У Рустама тоже появились часы. Он надевает их на манжет рубашки. В городе Рустама уважают. Его старший сын – чемпион республики по стрельбе, сейчас в армии снайпером. Я хвастаю, что живу в доме героя.
На противоположной стороне, недалеко от нас, – чайхана. Там, на подпорках, деревянный помост застелен коврами. Непривычные низкие столики. Вокруг них, полулёжа, располагались взрослые таджики. Возле каждого – отдельный фарфоровый чайник и пиала. В центре стола на блюдах красуются широкие ломти арбуза, лепёшки, грозди винограда «дамские пальчики».

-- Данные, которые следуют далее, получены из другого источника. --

lemma consistent_le_iff_upper_given_le_lower_given:
  assumes A: "\<forall>x\<in>E. bdd_above (A x) \<and> bdd_below (A x) \<and> w x \<in> A x"
    and e: "e \<in> E" and f: "f \<in> E" and "e \<noteq> f"
  shows "(\<forall>w'. consistent_with E A w Q w' \<longrightarrow> w' f \<le> w' e) \<longleftrightarrow>
    upper_given Q A w f \<le> lower_given Q A w e"
proof
  assume le: "\<forall>w'. consistent_with E A w Q w' \<longrightarrow> w' f \<le> w' e"
  show "upper_given Q A w f \<le> lower_given Q A w e"
  proof (rule ccontr)
    assume "\<not> ?thesis"
    then obtain x where x: "x \<in> A f" "f \<in> Q \<Longrightarrow> x = w f" "lower_given Q A w e < x"
      using upper_given_gt[of A f w] A f by (metis not_le)
    then obtain y where y: "y \<in> A e" "e \<in> Q \<Longrightarrow> y = w e" "y < x"
      using lower_given_lt[of A e w] A e by metis
    have "consistent_with E A w Q (w(e := y, f := x))"
      using A x y unfolding consistent_with_def weight_assignment_def by auto
    then show False using le y(3) \<open>e \<noteq> f\<close> by fastforce
  qed
next
  show "\<forall>w'. consistent_with E A w Q w' \<longrightarrow> w' f \<le> w' e"
    if "upper_given Q A w f \<le> lower_given Q A w e"
    using that A e f consistent_le_upper_given lower_given_le_consistent by (meson order.trans)
qed
(* Let $(x_n)$ be a level-block sequence in $JT$ which is equivalent to the unit vector basis of $\ell_2$. Then the closed linear span $[x_n]$ is complemented in $JT$.
   Context: Let $\mathcal T$ be the dyadic tree, with nodes enumerated by $\mathbb N$ so that the tree order $\preceq$ satisfies $n\preceq m\Rightarrow n\le m$; $|t|$ is the height of node $t$. A segment is a subset $s\subseteq\mathcal T$ totally ordered by $\preceq$ and convex. For $x\in c_0(\mathcal T)$, $\|x\|_{JT}=\sup\big(\sum_{j=1}^k(\sum_{t\in s_j}x(t))^2\big)^{1/2}$ over all finite families of pairwise disjoint finite segments; $JT=\{x\in c_0:\|x\|_{JT}<\infty\}$. For $0\ne x\in JT$, $\operatorname{supp}x=\{t:x(t)\ne0\}$, $l(x)=\min\{|t|:t\in\operatorname{supp}x\}$, $u(x)=\sup\{|t|:t\in\operatorname{supp}x\}$. A sequence $(x_k)$ of nonzero vectors is level-block if $u(x_k)<l(x_{k+1})$ for all $k$. *)

theory Defs
  imports "HOL-Analysis.Analysis" "HOL-Library.Extended_Nat"
begin

text \<open>Dyadic tree on nat: root 0, children of n are 2n+1 and 2n+2.
  This enumeration satisfies  n \<preceq> m \<Longrightarrow> n \<le> m.\<close>

definition tparent :: "nat \<Rightarrow> nat" where
  "tparent m = (m - 1) div 2"

definition tle :: "nat \<Rightarrow> nat \<Rightarrow> bool" where
  "tle n m \<longleftrightarrow> (\<exists>k. (tparent ^^ k) m = n)"

fun height :: "nat \<Rightarrow> nat" where
  "height n = (if n = 0 then 0 else Suc (height ((n - 1) div 2)))"

definition segment :: "nat set \<Rightarrow> bool" where
  "segment S \<longleftrightarrow> (\<forall>a\<in>S. \<forall>b\<in>S. tle a b \<or> tle b a)
                  \<and> (\<forall>a\<in>S. \<forall>b\<in>S. \<forall>c. tle a c \<and> tle c b \<longrightarrow> c \<in> S)"

definition admissible_family :: "nat set set \<Rightarrow> bool" where
  "admissible_family F \<longleftrightarrow> finite F \<and> (\<forall>s\<in>F. finite s \<and> segment s)
     \<and> (\<forall>s\<in>F. \<forall>s'\<in>F. s \<noteq> s' \<longrightarrow> s \<inter> s' = {})"

definition jt_sums :: "(nat \<Rightarrow> real) \<Rightarrow> real set" where
  "jt_sums x = {\<Sum>s\<in>F. (\<Sum>t\<in>s. x t)\<^sup>2 | F. admissible_family F}"

definition JT :: "(nat \<Rightarrow> real) set" where
  "JT = {x. x \<longlonglongrightarrow> 0 \<and> bdd_above (jt_sums x)}"

definition jt_norm :: "(nat \<Rightarrow> real) \<Rightarrow> real" where
  "jt_norm x = sqrt (Sup (jt_sums x))"

definition supp :: "(nat \<Rightarrow> real) \<Rightarrow> nat set" where
  "supp x = {t. x t \<noteq> 0}"

definition lvl :: "(nat \<Rightarrow> real) \<Rightarrow> nat" where
  "lvl x = (LEAST h. \<exists>t\<in>supp x. height t = h)"

definition uvl :: "(nat \<Rightarrow> real) \<Rightarrow> enat" where
  "uvl x = (SUP t\<in>supp x. enat (height t))"

definition level_block :: "(nat \<Rightarrow> nat \<Rightarrow> real) \<Rightarrow> bool" where
  "level_block xs \<longleftrightarrow> (\<forall>k. supp (xs k) \<noteq> {}) \<and> (\<forall>k. uvl (xs k) < enat (lvl (xs (Suc k))))"

definition equiv_l2 :: "(nat \<Rightarrow> nat \<Rightarrow> real) \<Rightarrow> bool" where
  "equiv_l2 xs \<longleftrightarrow> (\<exists>c C. 0 < c \<and> 0 < C \<and> (\<forall>n (a::nat \<Rightarrow> real).
      c * sqrt (\<Sum>k<n. (a k)\<^sup>2) \<le> jt_norm (\<lambda>t. \<Sum>k<n. a k * xs k t) \<and>
      jt_norm (\<lambda>t. \<Sum>k<n. a k * xs k t) \<le> C * sqrt (\<Sum>k<n. (a k)\<^sup>2)))"

definition lin_span :: "(nat \<Rightarrow> nat \<Rightarrow> real) \<Rightarrow> (nat \<Rightarrow> real) set" where
  "lin_span xs = {(\<lambda>t. \<Sum>k<n. a k * xs k t) | n a. True}"
lemma kk_condition_remove_max:
  assumes cond: "kk_condition S d k" and fin: "finite S" and card: "card S \<le> k"
    and x0: "x0 \<in> S" "\<forall>y\<in>S. d y \<le> d x0"
  shows "kk_condition (S - {x0}) (\<lambda>x. Suc (d x)) k"
  unfolding kk_condition_def
proof (intro allI impI)
  fix v :: nat assume "1 \<le> v"
  show "card {x\<in>S - {x0}. v \<le> Suc (d x)} \<le> k - v"
  proof (cases v)
    case (Suc w)
    show ?thesis
    proof (cases "w = 0")
      case True
      then have "{x\<in>S - {x0}. v \<le> Suc (d x)} = S - {x0}" using Suc by auto
      then show ?thesis using Suc True card fin x0(1) by simp
    next
      case False
      have eq: "{x\<in>S - {x0}. v \<le> Suc (d x)} = {x\<in>S. w \<le> d x} - {x0}"
        using Suc by auto
      show ?thesis
      proof (cases "w \<le> d x0")
        case True
        have "card {x\<in>S. w \<le> d x} \<le> k - w" using cond False unfolding kk_condition_def by simp
        then show ?thesis unfolding eq using True x0(1) fin Suc by simp
      next
        case False
        then have "{x\<in>S. w \<le> d x} = {}" using x0(2) le_trans by blast
        then show ?thesis unfolding eq by (metis empty_Diff card.empty zero_le)
      qed
    qed
  qed (use \<open>1 \<le> v\<close> in simp)
qed

text \<open>Colour greedily in order of decreasing d: the element with the largest d still has a
  free colour, and raising the bounds of the others by one accounts for the colour it takes.\<close>
lemma inj_list_choice_avoiding:
  assumes "finite S" "card S \<le> k"
    and "\<forall>x\<in>S. finite (F x) \<and> card (F x) \<le> d x"
    and "\<forall>x\<in>S. finite (Lst x) \<and> card (Lst x) = k"
    and "kk_condition S d k"
  shows "\<exists>g. (\<forall>x\<in>S. g x \<in> Lst x - F x) \<and> inj_on g S"
  using assms
proof (induction "card S" arbitrary: S F d)
  case 0
  then show ?case by auto
next
  case (Suc n)
  note fin = Suc.prems(1) and cond = Suc.prems(5)
  have "S \<noteq> {}" using Suc.hyps(2) by auto
  then have "Max (d ` S) \<in> d ` S" using fin by simp
  then obtain x0 where "x0 \<in> S" "d x0 = Max (d ` S)" by (metis imageE)
  then have x0: "x0 \<in> S" "\<forall>y\<in>S. d y \<le> d x0" using fin by auto
  have "d x0 < k"
  proof (cases "d x0 = 0")
    case True
    then show ?thesis using Suc.hyps(2) Suc.prems(2) by simp
  next
    case False
    have "0 < card {x\<in>S. d x0 \<le> d x}" using fin x0 by (auto simp: card_gt_0_iff)
    moreover have "card {x\<in>S. d x0 \<le> d x} \<le> k - d x0"
      using cond False unfolding kk_condition_def by simp
    ultimately show ?thesis by simp
  qed
  moreover have "finite (F x0)" "card (F x0) \<le> d x0" "card (Lst x0) = k"
    using Suc.prems(3,4) x0(1) by auto
  ultimately have "\<not> Lst x0 \<subseteq> F x0" by (metis card_mono leD le_trans)
  then obtain col where col: "col \<in> Lst x0 - F x0" by blast
  have "\<exists>g. (\<forall>x\<in>S - {x0}. g x \<in> Lst x - insert col (F x)) \<and> inj_on g (S - {x0})"
  proof (rule Suc.hyps(1))
    show "n = card (S - {x0})" using Suc.hyps(2) x0(1) fin by simp
    show "kk_condition (S - {x0}) (\<lambda>x. Suc (d x)) k"
      using kk_condition_remove_max[OF cond fin Suc.prems(2) x0] .
    show "finite (S - {x0})" "card (S - {x0}) \<le> k" using fin Suc.hyps(2) Suc.prems(2) x0(1) by auto
    show "\<forall>x\<in>S - {x0}. finite (Lst x) \<and> card (Lst x) = k" using Suc.prems(4) by blast
    show "\<forall>x\<in>S - {x0}. finite (insert col (F x)) \<and> card (insert col (F x)) \<le> Suc (d x)"
      using Suc.prems(3) by (simp add: card_insert_if le_SucI)
  qed
  then obtain g where g: "\<forall>x\<in>S - {x0}. g x \<in> Lst x - insert col (F x)" "inj_on g (S - {x0})"
    by blast
  have "S = insert x0 (S - {x0})" using x0(1) by blast
  then have "inj_on (g(x0 := col)) S"
    using g col by (auto simp: inj_on_def)
  moreover have "\<forall>x\<in>S. (g(x0 := col)) x \<in> Lst x - F x" using g(1) col by auto
  ultimately show ?case by blast
qed

lemma ceiling_div_add_one:
  assumes "1 \<le> k" "k \<le> n"
  shows "nat \<lceil>real (n - k) / real k\<rceil> + 1 = nat \<lceil>real n / real k\<rceil>"
proof -
  have "real n / real k = real (n - k) / real k + 1"
    using assms by (simp add: of_nat_diff field_simps)
  moreover have "0 \<le> real (n - k) / real k" by simp
  ultimately show ?thesis by linarith
qed
lemma pushout_lift:
  fixes T :: "('c, 'n) monoid_scheme"
  assumes "comm_monoid T" and f: "f \<in> hom M T" and g: "g \<in> hom N T"
    and agree: "\<And>s. s \<in> I \<Longrightarrow> f s = g (\<phi> s)"
  obtains h where "h \<in> hom P T"
    and "\<And>a b. a \<in> carrier M \<Longrightarrow> b \<in> carrier N \<Longrightarrow> h (R``{(a, b)}) = f a \<otimes>\<^bsub>T\<^esub> g b"
    and "\<And>x. x \<in> carrier M \<Longrightarrow> h (\<iota>\<^sub>1 x) = f x"
    and "\<And>y. y \<in> carrier N \<Longrightarrow> h (\<iota>\<^sub>2 y) = g y"
proof -
  interpret T: comm_monoid T by fact
  define F where "F p = f (fst p) \<otimes>\<^bsub>T\<^esub> g (snd p)" for p
  have f_one: "f \<one>\<^bsub>M\<^esub> = g \<one>\<^bsub>N\<^esub>" using agree[OF one_I] phi_one by simp
  have F_left: "F (x, \<one>\<^bsub>N\<^esub>) = f x" if x: "x \<in> carrier M" for x
  proof -
    have "F (x, \<one>\<^bsub>N\<^esub>) = f x \<otimes>\<^bsub>T\<^esub> f \<one>\<^bsub>M\<^esub>" by (simp add: F_def f_one)
    also have "\<dots> = f (x \<otimes>\<^bsub>M\<^esub> \<one>\<^bsub>M\<^esub>)" using hom_mult[OF f x M.one_closed] by simp
    finally show ?thesis using x by simp
  qed
  have F_right: "F (\<one>\<^bsub>M\<^esub>, y) = g y" if y: "y \<in> carrier N" for y
  proof -
    have "F (\<one>\<^bsub>M\<^esub>, y) = g \<one>\<^bsub>N\<^esub> \<otimes>\<^bsub>T\<^esub> g y" by (simp add: F_def f_one)
    also have "\<dots> = g (\<one>\<^bsub>N\<^esub> \<otimes>\<^bsub>N\<^esub> y)" using hom_mult[OF g N.one_closed y] by simp
    finally show ?thesis using y by simp
  qed
  have F_hom: "F \<in> hom (M \<times>\<times> N) T"
  proof (rule homI)
    fix p q assume "p \<in> carrier (M \<times>\<times> N)" "q \<in> carrier (M \<times>\<times> N)"
    then show "F (p \<otimes>\<^bsub>M \<times>\<times> N\<^esub> q) = F p \<otimes>\<^bsub>T\<^esub> F q"
      using hom_in_carrier[OF f] hom_in_carrier[OF g]
      by (auto simp: F_def mult_DirProd' hom_mult[OF f] hom_mult[OF g] T.m_ac)
  qed (auto simp: F_def hom_in_carrier[OF f] hom_in_carrier[OF g])
  have F_generators: "F (s, \<one>\<^bsub>N\<^esub>) = F (\<one>\<^bsub>M\<^esub>, \<phi> s)" if "s \<in> I" for s
    using that F_left F_right agree I_carrier J_carrier by simp
  define h where "h = quotient_lift R F"
  have h_hom: "h \<in> hom P T"
    unfolding h_def by (rule factor_through_P(1)[OF F_hom]) (fact F_generators)
  have h_class: "h (R``{p}) = F p" if "p \<in> carrier M \<times> carrier N" for p
    unfolding h_def by (rule factor_through_P(2)[OF F_hom]) (fact F_generators, fact that)
  show thesis
  proof (rule that)
    show "h \<in> hom P T" by (rule h_hom)
    show "h (R``{(a, b)}) = f a \<otimes>\<^bsub>T\<^esub> g b" if "a \<in> carrier M" "b \<in> carrier N" for a b
      using that by (simp add: h_class F_def)
    show "h (\<iota>\<^sub>1 x) = f x" if "x \<in> carrier M" for x
      using that by (simp add: iota1_class h_class F_left)
    show "h (\<iota>\<^sub>2 y) = g y" if "y \<in> carrier N" for y
      using that by (simp add: iota2_class h_class F_right)
  qed
qed

text \<open>Statement (1): P together with \<iota>1, \<iota>2 is the pushout.  Uniqueness holds because P is
  generated by the images of M and N.\<close>

lemma pushout_universal:
  fixes T :: "'c monoid"
  assumes "comm_monoid T" and f: "f \<in> hom M T" and g: "g \<in> hom N T"
    and agree: "\<forall>s\<in>I. f s = g (\<phi> s)"
  shows "\<exists>h\<in>hom P T. (\<forall>x\<in>carrier M. h (\<iota>\<^sub>1 x) = f x) \<and> (\<forall>y\<in>carrier N. h (\<iota>\<^sub>2 y) = g y) \<and>
           (\<forall>h'\<in>hom P T. (\<forall>x\<in>carrier M. h' (\<iota>\<^sub>1 x) = f x) \<and> (\<forall>y\<in>carrier N. h' (\<iota>\<^sub>2 y) = g y)
               \<longrightarrow> (\<forall>p\<in>carrier P. h' p = h p))"
proof -
  obtain h where h: "h \<in> hom P T" and h_class: "\<And>a b. a \<in> carrier M \<Longrightarrow> b \<in> carrier N \<Longrightarrow>
      h (R``{(a, b)}) = f a \<otimes>\<^bsub>T\<^esub> g b"
    and h1: "\<And>x. x \<in> carrier M \<Longrightarrow> h (\<iota>\<^sub>1 x) = f x"
    and h2: "\<And>y. y \<in> carrier N \<Longrightarrow> h (\<iota>\<^sub>2 y) = g y"
    using pushout_lift[OF assms(1) f g] agree by metis
  have unique: "h' A = h A"
    if h': "h' \<in> hom P T" and h'1: "\<forall>x\<in>carrier M. h' (\<iota>\<^sub>1 x) = f x"
      and h'2: "\<forall>y\<in>carrier N. h' (\<iota>\<^sub>2 y) = g y" and A: "A \<in> carrier P" for h' A
  proof -
    obtain a b where ab: "A = R``{(a, b)}" "a \<in> carrier M" "b \<in> carrier N" using A by (rule P_cases)
    then have "h' A = h' (\<iota>\<^sub>1 a) \<otimes>\<^bsub>T\<^esub> h' (\<iota>\<^sub>2 b)"
      using P_generated hom_mult[OF h'] hom_in_carrier[OF iota1_hom] hom_in_carrier[OF iota2_hom]
      by simp
    then show ?thesis using ab h'1 h'2 h_class by simp
  qed
  show ?thesis using h h1 h2 unique by blast
qed


text \<open>To separate points of \<iota>1(M), map M into M extended by an absorbing
  element via Some, and N by the inverse of \<phi> on J and to the absorbing element outside J;
  this is multiplicative because J is an order-ideal.\<close>

lemma iota1_inj: "inj_on \<iota>\<^sub>1 (carrier M)"
proof -
  define \<psi> where "\<psi> = inv_into I \<phi>"
  have psi_phi: "\<psi> (\<phi> s) = s" if "s \<in> I" for s
    unfolding \<psi>_def by (rule inv_into_f_f[OF phi_inj that])
  have psi_mult: "\<psi> (b \<otimes>\<^bsub>N\<^esub> b') = \<psi> b \<otimes>\<^bsub>M\<^esub> \<psi> b'" if bb': "b \<in> J" "b' \<in> J" for b b'
  proof -
    obtain s t where st: "s \<in> I" "t \<in> I" "b = \<phi> s" "b' = \<phi> t" using bb' by blast
    then have "\<psi> (b \<otimes>\<^bsub>N\<^esub> b') = \<psi> (\<phi> (s \<otimes>\<^bsub>M\<^esub> t))" by (simp add: phi_mult)
    also have "\<dots> = s \<otimes>\<^bsub>M\<^esub> t" by (rule psi_phi[OF order_ideal_mult[OF ideal_I st(1,2)]])
    finally show ?thesis using st psi_phi by simp
  qed
  define g where "g b = (if b \<in> J then Some (\<psi> b) else None)" for b
  have Some_hom: "Some \<in> hom M (adjoin_zero M)"
    by (rule homI) (simp_all add: adjoin_zero_simps)
  have g_hom: "g \<in> hom N (adjoin_zero M)"
  proof (rule homI)
    fix b b' assume "b \<in> carrier N" "b' \<in> carrier N"
    then have "b \<otimes>\<^bsub>N\<^esub> b' \<in> J \<longleftrightarrow> b \<in> J \<and> b' \<in> J" by (rule order_ideal_mult_iff[OF ideal_J])
    then show "g (b \<otimes>\<^bsub>N\<^esub> b') = g b \<otimes>\<^bsub>adjoin_zero M\<^esub> g b'"
      by (auto simp: g_def psi_mult adjoin_zero_simps)
  qed (auto simp: g_def adjoin_zero_simps psi_phi I_carrier)
  obtain h where "\<And>x. x \<in> carrier M \<Longrightarrow> h (\<iota>\<^sub>1 x) = Some x"
    using pushout_lift[OF comm_monoid_adjoin_zero[OF comm_M] Some_hom g_hom] psi_phi
    by (metis g_def imageI)
  then show ?thesis by (metis inj_onI option.inject)
qed

text \<open>Symmetrically, \<iota>2 is injective, using \<phi> on I and the absorbing element outside I.\<close>

lemma iota2_inj: "inj_on \<iota>\<^sub>2 (carrier N)"
proof -
  define f where "f a = (if a \<in> I then Some (\<phi> a) else None)" for a
  have Some_hom: "Some \<in> hom N (adjoin_zero N)"
    by (rule homI) (simp_all add: adjoin_zero_simps)
  have f_hom: "f \<in> hom M (adjoin_zero N)"
  proof (rule homI)
    fix a a' assume "a \<in> carrier M" "a' \<in> carrier M"
    then have "a \<otimes>\<^bsub>M\<^esub> a' \<in> I \<longleftrightarrow> a \<in> I \<and> a' \<in> I" by (rule order_ideal_mult_iff[OF ideal_I])
    then show "f (a \<otimes>\<^bsub>M\<^esub> a') = f a \<otimes>\<^bsub>adjoin_zero N\<^esub> f a'"
      by (auto simp: f_def phi_mult adjoin_zero_simps)
  qed (auto simp: f_def adjoin_zero_simps J_carrier)
  obtain h where "\<And>y. y \<in> carrier N \<Longrightarrow> h (\<iota>\<^sub>2 y) = Some y"
    using pushout_lift[OF comm_monoid_adjoin_zero[OF comm_N] f_hom Some_hom]
    by (metis f_def)
  then show ?thesis by (metis inj_onI option.inject)
qed


abbreviation "I' \<equiv> \<iota>\<^sub>1 ` I"
abbreviation "EM \<equiv> ideal_congruence M I"
abbreviation "EN \<equiv> ideal_congruence N J"

lemma EM_congruence: "monoid_congruence M EM"
  and EN_congruence: "monoid_congruence N EN"
  using ideal_congruence_is_congruence[OF comm_M ideal_I]
    ideal_congruence_is_congruence[OF comm_N ideal_J] .

lemma equiv_EM: "equiv (carrier M) EM" and equiv_EN: "equiv (carrier N) EN"
  using EM_congruence EN_congruence unfolding monoid_congruence_def by blast+

lemma comm_quotients: "comm_monoid (quotient_by_ideal M I \<times>\<times> quotient_by_ideal N J)"
  unfolding quotient_by_ideal_def
  by (intro comm_monoid_DirProd quotient_comm_monoid comm_M comm_N EM_congruence EN_congruence)

lemma quotients_carrier:
  "carrier (quotient_by_ideal M I \<times>\<times> quotient_by_ideal N J) = carrier M // EM \<times> carrier N // EN"
  by (simp add: quotient_by_ideal_def quotient_carrier)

Обычно такие чаепития длились с утра до полудня. В обед посетители расходились по домам, но после четырёх собирались снова. Так было заведено во всех чайханах главной улицы. Я смотрел, как завсегдатаи вытирают полотенцем распаренные лица и затылки, отщипывают виноградины и продолжают беседы. Они слушают друг друга внимательно, не перебивают. Должно быть, рассказывают что-то занятное, иначе не говорили бы ежедневно так подолгу.
Всё это было в диковинку.
Но почему они здесь, в чайхане? Вроде – здоровые дядьки: больной столько чая не выпьет. Разве не знают – идёт война. Почему не на фронте, как мой папа, как старший сын Рустама, как все? У нас – никаких вестей от папы, и ему неизвестно, где мы живём – и живём ли. Он сейчас наверняка снег топчет, обмотки мокрые, грудью землю меряет. А эти от горячего чая потеют… Отчего их не берут в армию? Если стрелять не умеют, могли бы окопы копать…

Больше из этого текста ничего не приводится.